### TASK ITEM
Set down exactly the lines below between the line holding "vec \<Rightarrow> complex mat" and the line holding "(\<lambda>X. vinner (tensor_id", inclusive; no other line belongs in the answer.

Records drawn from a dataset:
*-*-*
(* Let $H,K$ be finite dimensional complex Hilbert spaces and let $\phi:\mathcal B(K)\to\mathcal B(H)$ be an arbitrary UCP map. Let $\mathcal S_\phi$ be the set of all states $\rho$ of $\mathcal B(K\otimes H)$ of the form $\rho(a\otimes b)=\langle(\phi(a)\otimes b)\xi,\xi\rangle$ ($a\in\mathcal B(K)$, $b\in\mathcal B(H)$), where $\xi$ ranges over the marginally cyclic unit vectors in $H\otimes H$. If $\mathcal S_\phi$ contains a single entangled state, then every state of $\mathcal S_\phi$ is entangled and $\phi$ preserves entanglement. Otherwise, $\phi$ is entanglement breaking.
   Context: A state of $\mathcal B(K\otimes H)$ is separable if it is a convex combination of product states $a\otimes b\mapsto\sigma(a)\tau(b)$ with $\sigma,\tau$ states of $\mathcal B(K)$, $\mathcal B(H)$; otherwise it is entangled. A unit vector $\xi\in H\otimes H$ is marginally cyclic if $(\mathcal B(H)\otimes\mathbf 1)\xi=H\otimes H$, equivalently if $(\mathbf 1\otimes b)\xi=0$ implies $b=0$ for $b\in\mathcal B(H)$. A UCP map $\phi:\mathcal B(K)\to\mathcal B(H)$ preserves entanglement if for every marginally cyclic unit vector $\xi\in H\otimes H$ the state $a\otimes b\mapsto\langle(\phi(a)\otimes b)\xi,\xi\rangle$ of $\mathcal B(K\otimes H)$ is entangled. $\phi$ is entanglement breaking if for every state $\rho$ of $\mathcal B(H\otimes H)$ the state $\rho\circ(\phi\otimes\mathrm{id}_{\mathcal B(H)})$ of $\mathcal B(K\otimes H)$ is separable, where $\phi\otimes\mathrm{id}$ is the UCP map sending $a\otimes b$ to $\phi(a)\otimes b$. *)

theory Defs
  imports "Jordan_Normal_Form.Matrix"
begin

text \<open>A finite dimensional complex Hilbert space of dimension d is
  modelled as complex column vectors of length d; B(C^d) is the set of d x d complex
  matrices (carrier_mat d d).  K = C^m, H = C^n.  Tensor products are realised via the
  Kronecker product with index (i1,i2) encoded as i1 * d2 + i2 (first factor major).
  The inner product is linear in the first argument.\<close>

definition mat_adj :: "complex mat \<Rightarrow> complex mat" where
  "mat_adj A = mat (dim_col A) (dim_row A) (\<lambda>(i,j). cnj (A $$ (j,i)))"

definition vinner :: "complex vec \<Rightarrow> complex vec \<Rightarrow> complex" where
  "vinner x y = (\<Sum>i<dim_vec x. x $ i * cnj (y $ i))"

definition unit_vec_c :: "nat \<Rightarrow> complex vec \<Rightarrow> bool" where
  "unit_vec_c d x \<longleftrightarrow> x \<in> carrier_vec d \<and> vinner x x = 1"

definition psd :: "nat \<Rightarrow> complex mat \<Rightarrow> bool" where
  "psd d A \<longleftrightarrow> A \<in> carrier_mat d d \<and> (\<exists>B \<in> carrier_mat d d. A = mat_adj B * B)"

definition kron :: "complex mat \<Rightarrow> complex mat \<Rightarrow> complex mat" where
  "kron A B = mat (dim_row A * dim_row B) (dim_col A * dim_col B)
     (\<lambda>(i,j). A $$ (i div dim_row B, j div dim_col B) * B $$ (i mod dim_row B, j mod dim_col B))"

definition is_state :: "nat \<Rightarrow> (complex mat \<Rightarrow> complex) \<Rightarrow> bool" where
  "is_state d \<omega> \<longleftrightarrow>
     (\<forall>A \<in> carrier_mat d d. \<forall>B \<in> carrier_mat d d. \<omega> (A + B) = \<omega> A + \<omega> B) \<and>
     (\<forall>c. \<forall>A \<in> carrier_mat d d. \<omega> (c \<cdot>\<^sub>m A) = c * \<omega> A) \<and>
     (\<forall>A. psd d A \<longrightarrow> \<omega> A \<in> \<real> \<and> 0 \<le> Re (\<omega> A)) \<and>
     \<omega> (1\<^sub>m d) = 1"

definition product_state :: "nat \<Rightarrow> nat \<Rightarrow> (complex mat \<Rightarrow> complex) \<Rightarrow> bool" where
  "product_state m n \<omega> \<longleftrightarrow> is_state (m * n) \<omega> \<and>
     (\<exists>\<sigma> \<tau>. is_state m \<sigma> \<and> is_state n \<tau> \<and>
        (\<forall>a \<in> carrier_mat m m. \<forall>b \<in> carrier_mat n n. \<omega> (kron a b) = \<sigma> a * \<tau> b))"

definition separable :: "nat \<Rightarrow> nat \<Rightarrow> (complex mat \<Rightarrow> complex) \<Rightarrow> bool" where
  "separable m n \<omega> \<longleftrightarrow> is_state (m * n) \<omega> \<and>
     (\<exists>(k::nat) (p::nat \<Rightarrow> real) (\<omega>s::nat \<Rightarrow> complex mat \<Rightarrow> complex).
        (\<forall>i<k. 0 \<le> p i \<and> product_state m n (\<omega>s i)) \<and> (\<Sum>i<k. p i) = 1 \<and>
        (\<forall>X \<in> carrier_mat (m*n) (m*n). \<omega> X = (\<Sum>i<k. complex_of_real (p i) * \<omega>s i X)))"

definition entangled :: "nat \<Rightarrow> nat \<Rightarrow> (complex mat \<Rightarrow> complex) \<Rightarrow> bool" where
  "entangled m n \<omega> \<longleftrightarrow> is_state (m * n) \<omega> \<and> \<not> separable m n \<omega>"

text \<open>The ampliation \<phi> \<otimes> id_{B(C^k)} : B(C^m \<otimes> C^k) \<rightarrow> B(C^n \<otimes> C^k), applying \<phi>
  blockwise; it sends kron a b to kron (\<phi> a) b.\<close>
definition tensor_id :: "(complex mat \<Rightarrow> complex mat) \<Rightarrow> nat \<Rightarrow> nat \<Rightarrow> nat \<Rightarrow> complex mat \<Rightarrow> complex mat" where
  "tensor_id \<phi> m n k X = mat (n * k) (n * k)
     (\<lambda>(i,j). (\<phi> (mat m m (\<lambda>(a,a'). X $$ (a * k + i mod k, a' * k + j mod k)))) $$ (i div k, j div k))"

definition UCP :: "nat \<Rightarrow> nat \<Rightarrow> (complex mat \<Rightarrow> complex mat) \<Rightarrow> bool" where
  "UCP m n \<phi> \<longleftrightarrow>
     (\<forall>A \<in> carrier_mat m m. \<phi> A \<in> carrier_mat n n) \<and>
     (\<forall>A \<in> carrier_mat m m. \<forall>B \<in> carrier_mat m m. \<phi> (A + B) = \<phi> A + \<phi> B) \<and>
     (\<forall>c. \<forall>A \<in> carrier_mat m m. \<phi> (c \<cdot>\<^sub>m A) = c \<cdot>\<^sub>m \<phi> A) \<and>
     \<phi> (1\<^sub>m m) = 1\<^sub>m n \<and>
     (\<forall>k X. psd (m * k) X \<longrightarrow> psd (n * k) (tensor_id \<phi> m n k X))"

definition marginally_cyclic :: "nat \<Rightarrow> complex vec \<Rightarrow> bool" where
  "marginally_cyclic n \<xi> \<longleftrightarrow> \<xi> \<in> carrier_vec (n * n) \<and>
     (\<forall>b \<in> carrier_mat n n. kron (1\<^sub>m n) b *\<^sub>v \<xi> = 0\<^sub>v (n * n) \<longrightarrow> b = 0\<^sub>m n n)"

definition vstate :: "(complex mat \<Rightarrow> complex mat) \<Rightarrow> nat \<Rightarrow> nat \<Rightarrow> complex vec \<Rightarrow> complex mat \<Rightarrow> complex" where
  "vstate \<phi> m n \<xi> = (\<lambda>X. vinner (tensor_id \<phi> m n n X *\<^sub>v \<xi>) \<xi>)"

definition S_phi :: "(complex mat \<Rightarrow> complex mat) \<Rightarrow> nat \<Rightarrow> nat \<Rightarrow> (complex mat \<Rightarrow> complex) set" where
  "S_phi \<phi> m n = {vstate \<phi> m n \<xi> | \<xi>. unit_vec_c (n * n) \<xi> \<and> marginally_cyclic n \<xi>}"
*-*-*
### REPLY
definition vstate :: "(complex mat \<Rightarrow> complex mat) \<Rightarrow> nat \<Rightarrow> nat \<Rightarrow> complex vec \<Rightarrow> complex mat \<Rightarrow> complex" where
  "vstate \<phi> m n \<xi> = (\<lambda>X. vinner (tensor_id \<phi> m n n X *\<^sub>v \<xi>) \<xi>)"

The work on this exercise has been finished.